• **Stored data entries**

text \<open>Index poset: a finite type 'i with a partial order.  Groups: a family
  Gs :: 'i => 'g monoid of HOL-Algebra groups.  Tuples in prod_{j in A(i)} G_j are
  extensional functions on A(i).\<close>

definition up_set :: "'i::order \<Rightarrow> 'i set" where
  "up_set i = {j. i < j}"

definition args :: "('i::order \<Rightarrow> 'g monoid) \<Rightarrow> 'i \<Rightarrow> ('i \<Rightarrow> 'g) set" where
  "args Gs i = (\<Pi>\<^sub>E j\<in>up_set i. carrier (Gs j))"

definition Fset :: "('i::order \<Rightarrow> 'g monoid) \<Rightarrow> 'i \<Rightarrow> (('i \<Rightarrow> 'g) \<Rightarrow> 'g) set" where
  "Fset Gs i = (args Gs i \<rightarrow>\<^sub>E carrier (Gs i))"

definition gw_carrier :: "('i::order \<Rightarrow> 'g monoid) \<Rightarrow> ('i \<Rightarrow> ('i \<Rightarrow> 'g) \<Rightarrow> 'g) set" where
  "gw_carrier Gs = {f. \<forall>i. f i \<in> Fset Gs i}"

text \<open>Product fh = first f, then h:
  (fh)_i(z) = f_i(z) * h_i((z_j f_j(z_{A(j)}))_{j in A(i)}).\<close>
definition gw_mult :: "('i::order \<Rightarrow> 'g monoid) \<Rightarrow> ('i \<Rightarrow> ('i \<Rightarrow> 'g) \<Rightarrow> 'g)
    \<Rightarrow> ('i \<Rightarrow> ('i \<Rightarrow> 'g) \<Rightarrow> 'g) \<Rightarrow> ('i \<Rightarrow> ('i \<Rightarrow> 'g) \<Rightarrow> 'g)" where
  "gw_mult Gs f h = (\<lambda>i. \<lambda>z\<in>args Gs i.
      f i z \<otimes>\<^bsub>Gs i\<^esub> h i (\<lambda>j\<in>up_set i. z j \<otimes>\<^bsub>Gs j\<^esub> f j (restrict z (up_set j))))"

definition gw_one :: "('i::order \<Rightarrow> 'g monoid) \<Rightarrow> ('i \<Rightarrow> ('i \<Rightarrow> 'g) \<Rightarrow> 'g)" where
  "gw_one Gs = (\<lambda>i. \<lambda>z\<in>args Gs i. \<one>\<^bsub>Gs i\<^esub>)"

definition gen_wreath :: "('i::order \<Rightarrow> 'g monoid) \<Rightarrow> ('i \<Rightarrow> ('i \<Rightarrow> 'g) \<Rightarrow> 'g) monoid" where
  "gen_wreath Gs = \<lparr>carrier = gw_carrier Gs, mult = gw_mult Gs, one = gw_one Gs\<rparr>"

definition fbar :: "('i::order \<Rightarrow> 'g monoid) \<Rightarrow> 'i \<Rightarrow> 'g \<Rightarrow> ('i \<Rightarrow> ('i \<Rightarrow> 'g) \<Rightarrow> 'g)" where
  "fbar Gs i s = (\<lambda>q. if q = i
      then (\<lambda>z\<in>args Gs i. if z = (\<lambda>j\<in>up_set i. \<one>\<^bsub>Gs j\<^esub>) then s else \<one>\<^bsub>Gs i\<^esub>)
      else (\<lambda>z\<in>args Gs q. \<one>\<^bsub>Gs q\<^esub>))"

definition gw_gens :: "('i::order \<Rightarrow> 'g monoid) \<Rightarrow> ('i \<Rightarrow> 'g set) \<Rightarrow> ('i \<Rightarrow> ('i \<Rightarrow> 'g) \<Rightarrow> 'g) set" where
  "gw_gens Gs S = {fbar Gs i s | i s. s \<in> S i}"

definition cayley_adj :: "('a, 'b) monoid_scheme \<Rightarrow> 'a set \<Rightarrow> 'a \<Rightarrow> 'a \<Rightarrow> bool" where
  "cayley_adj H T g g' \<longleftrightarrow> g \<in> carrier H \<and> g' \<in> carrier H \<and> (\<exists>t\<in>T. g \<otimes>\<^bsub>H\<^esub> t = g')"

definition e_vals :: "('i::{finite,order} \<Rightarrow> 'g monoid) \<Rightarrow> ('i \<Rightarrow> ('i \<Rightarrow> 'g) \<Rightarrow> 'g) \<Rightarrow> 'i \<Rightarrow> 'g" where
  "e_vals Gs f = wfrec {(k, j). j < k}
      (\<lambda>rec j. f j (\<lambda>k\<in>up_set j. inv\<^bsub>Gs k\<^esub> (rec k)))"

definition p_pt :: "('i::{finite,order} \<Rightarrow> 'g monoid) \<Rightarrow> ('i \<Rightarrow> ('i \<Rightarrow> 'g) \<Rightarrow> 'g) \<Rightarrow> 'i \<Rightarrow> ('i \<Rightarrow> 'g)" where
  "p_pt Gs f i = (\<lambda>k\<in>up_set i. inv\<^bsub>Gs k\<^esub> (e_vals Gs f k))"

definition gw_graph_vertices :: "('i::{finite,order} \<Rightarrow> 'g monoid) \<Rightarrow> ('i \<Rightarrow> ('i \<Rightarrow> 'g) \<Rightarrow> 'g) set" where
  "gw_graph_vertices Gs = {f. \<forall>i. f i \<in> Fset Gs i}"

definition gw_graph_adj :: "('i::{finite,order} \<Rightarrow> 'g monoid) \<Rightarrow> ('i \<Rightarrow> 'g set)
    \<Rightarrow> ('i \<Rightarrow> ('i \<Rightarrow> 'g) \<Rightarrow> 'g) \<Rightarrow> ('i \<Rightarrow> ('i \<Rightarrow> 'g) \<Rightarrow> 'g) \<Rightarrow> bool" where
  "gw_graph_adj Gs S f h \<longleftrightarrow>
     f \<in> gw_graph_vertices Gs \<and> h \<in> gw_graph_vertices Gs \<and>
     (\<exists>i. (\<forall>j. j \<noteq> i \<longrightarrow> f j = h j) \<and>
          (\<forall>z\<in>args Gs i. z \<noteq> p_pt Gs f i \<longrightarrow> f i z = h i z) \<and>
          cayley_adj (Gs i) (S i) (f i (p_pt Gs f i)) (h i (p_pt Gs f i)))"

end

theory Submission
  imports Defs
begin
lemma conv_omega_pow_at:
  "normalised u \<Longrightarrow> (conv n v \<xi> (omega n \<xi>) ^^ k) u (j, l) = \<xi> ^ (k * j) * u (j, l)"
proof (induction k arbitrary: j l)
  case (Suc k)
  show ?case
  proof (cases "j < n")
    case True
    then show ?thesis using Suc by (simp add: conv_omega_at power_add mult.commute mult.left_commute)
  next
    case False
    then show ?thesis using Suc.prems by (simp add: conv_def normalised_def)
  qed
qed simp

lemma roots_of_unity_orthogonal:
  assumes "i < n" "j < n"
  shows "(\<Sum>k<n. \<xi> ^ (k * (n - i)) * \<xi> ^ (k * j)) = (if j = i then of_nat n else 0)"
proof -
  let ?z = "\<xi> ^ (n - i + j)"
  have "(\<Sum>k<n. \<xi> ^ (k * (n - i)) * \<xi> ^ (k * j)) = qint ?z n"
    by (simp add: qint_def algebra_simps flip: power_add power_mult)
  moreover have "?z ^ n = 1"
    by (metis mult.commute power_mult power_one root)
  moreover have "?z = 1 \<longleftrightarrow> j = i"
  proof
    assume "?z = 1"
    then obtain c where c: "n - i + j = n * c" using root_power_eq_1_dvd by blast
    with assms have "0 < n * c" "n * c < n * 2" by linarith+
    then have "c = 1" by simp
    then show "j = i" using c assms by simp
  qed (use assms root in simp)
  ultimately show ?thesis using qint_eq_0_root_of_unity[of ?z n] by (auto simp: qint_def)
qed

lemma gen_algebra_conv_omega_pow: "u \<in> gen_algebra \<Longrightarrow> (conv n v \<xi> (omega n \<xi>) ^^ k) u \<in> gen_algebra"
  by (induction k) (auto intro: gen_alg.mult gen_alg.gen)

• **Brief**
Taking the entries above, print exactly the lines starting at the line with "(\<lambda>q. if q = i" and ending at the line with "f \<in> gw_graph_vertices", both included.

• **Response to this exercise**
  "fbar Gs i s = (\<lambda>q. if q = i
      then (\<lambda>z\<in>args Gs i. if z = (\<lambda>j\<in>up_set i. \<one>\<^bsub>Gs j\<^esub>) then s else \<one>\<^bsub>Gs i\<^esub>)
      else (\<lambda>z\<in>args Gs q. \<one>\<^bsub>Gs q\<^esub>))"

definition gw_gens :: "('i::order \<Rightarrow> 'g monoid) \<Rightarrow> ('i \<Rightarrow> 'g set) \<Rightarrow> ('i \<Rightarrow> ('i \<Rightarrow> 'g) \<Rightarrow> 'g) set" where
  "gw_gens Gs S = {fbar Gs i s | i s. s \<in> S i}"

definition cayley_adj :: "('a, 'b) monoid_scheme \<Rightarrow> 'a set \<Rightarrow> 'a \<Rightarrow> 'a \<Rightarrow> bool" where
  "cayley_adj H T g g' \<longleftrightarrow> g \<in> carrier H \<and> g' \<in> carrier H \<and> (\<exists>t\<in>T. g \<otimes>\<^bsub>H\<^esub> t = g')"

definition e_vals :: "('i::{finite,order} \<Rightarrow> 'g monoid) \<Rightarrow> ('i \<Rightarrow> ('i \<Rightarrow> 'g) \<Rightarrow> 'g) \<Rightarrow> 'i \<Rightarrow> 'g" where
  "e_vals Gs f = wfrec {(k, j). j < k}
      (\<lambda>rec j. f j (\<lambda>k\<in>up_set j. inv\<^bsub>Gs k\<^esub> (rec k)))"

definition p_pt :: "('i::{finite,order} \<Rightarrow> 'g monoid) \<Rightarrow> ('i \<Rightarrow> ('i \<Rightarrow> 'g) \<Rightarrow> 'g) \<Rightarrow> 'i \<Rightarrow> ('i \<Rightarrow> 'g)" where
  "p_pt Gs f i = (\<lambda>k\<in>up_set i. inv\<^bsub>Gs k\<^esub> (e_vals Gs f k))"

definition gw_graph_vertices :: "('i::{finite,order} \<Rightarrow> 'g monoid) \<Rightarrow> ('i \<Rightarrow> ('i \<Rightarrow> 'g) \<Rightarrow> 'g) set" where
  "gw_graph_vertices Gs = {f. \<forall>i. f i \<in> Fset Gs i}"

definition gw_graph_adj :: "('i::{finite,order} \<Rightarrow> 'g monoid) \<Rightarrow> ('i \<Rightarrow> 'g set)
    \<Rightarrow> ('i \<Rightarrow> ('i \<Rightarrow> 'g) \<Rightarrow> 'g) \<Rightarrow> ('i \<Rightarrow> ('i \<Rightarrow> 'g) \<Rightarrow> 'g) \<Rightarrow> bool" where
  "gw_graph_adj Gs S f h \<longleftrightarrow>
     f \<in> gw_graph_vertices Gs \<and> h \<in> gw_graph_vertices Gs \<and>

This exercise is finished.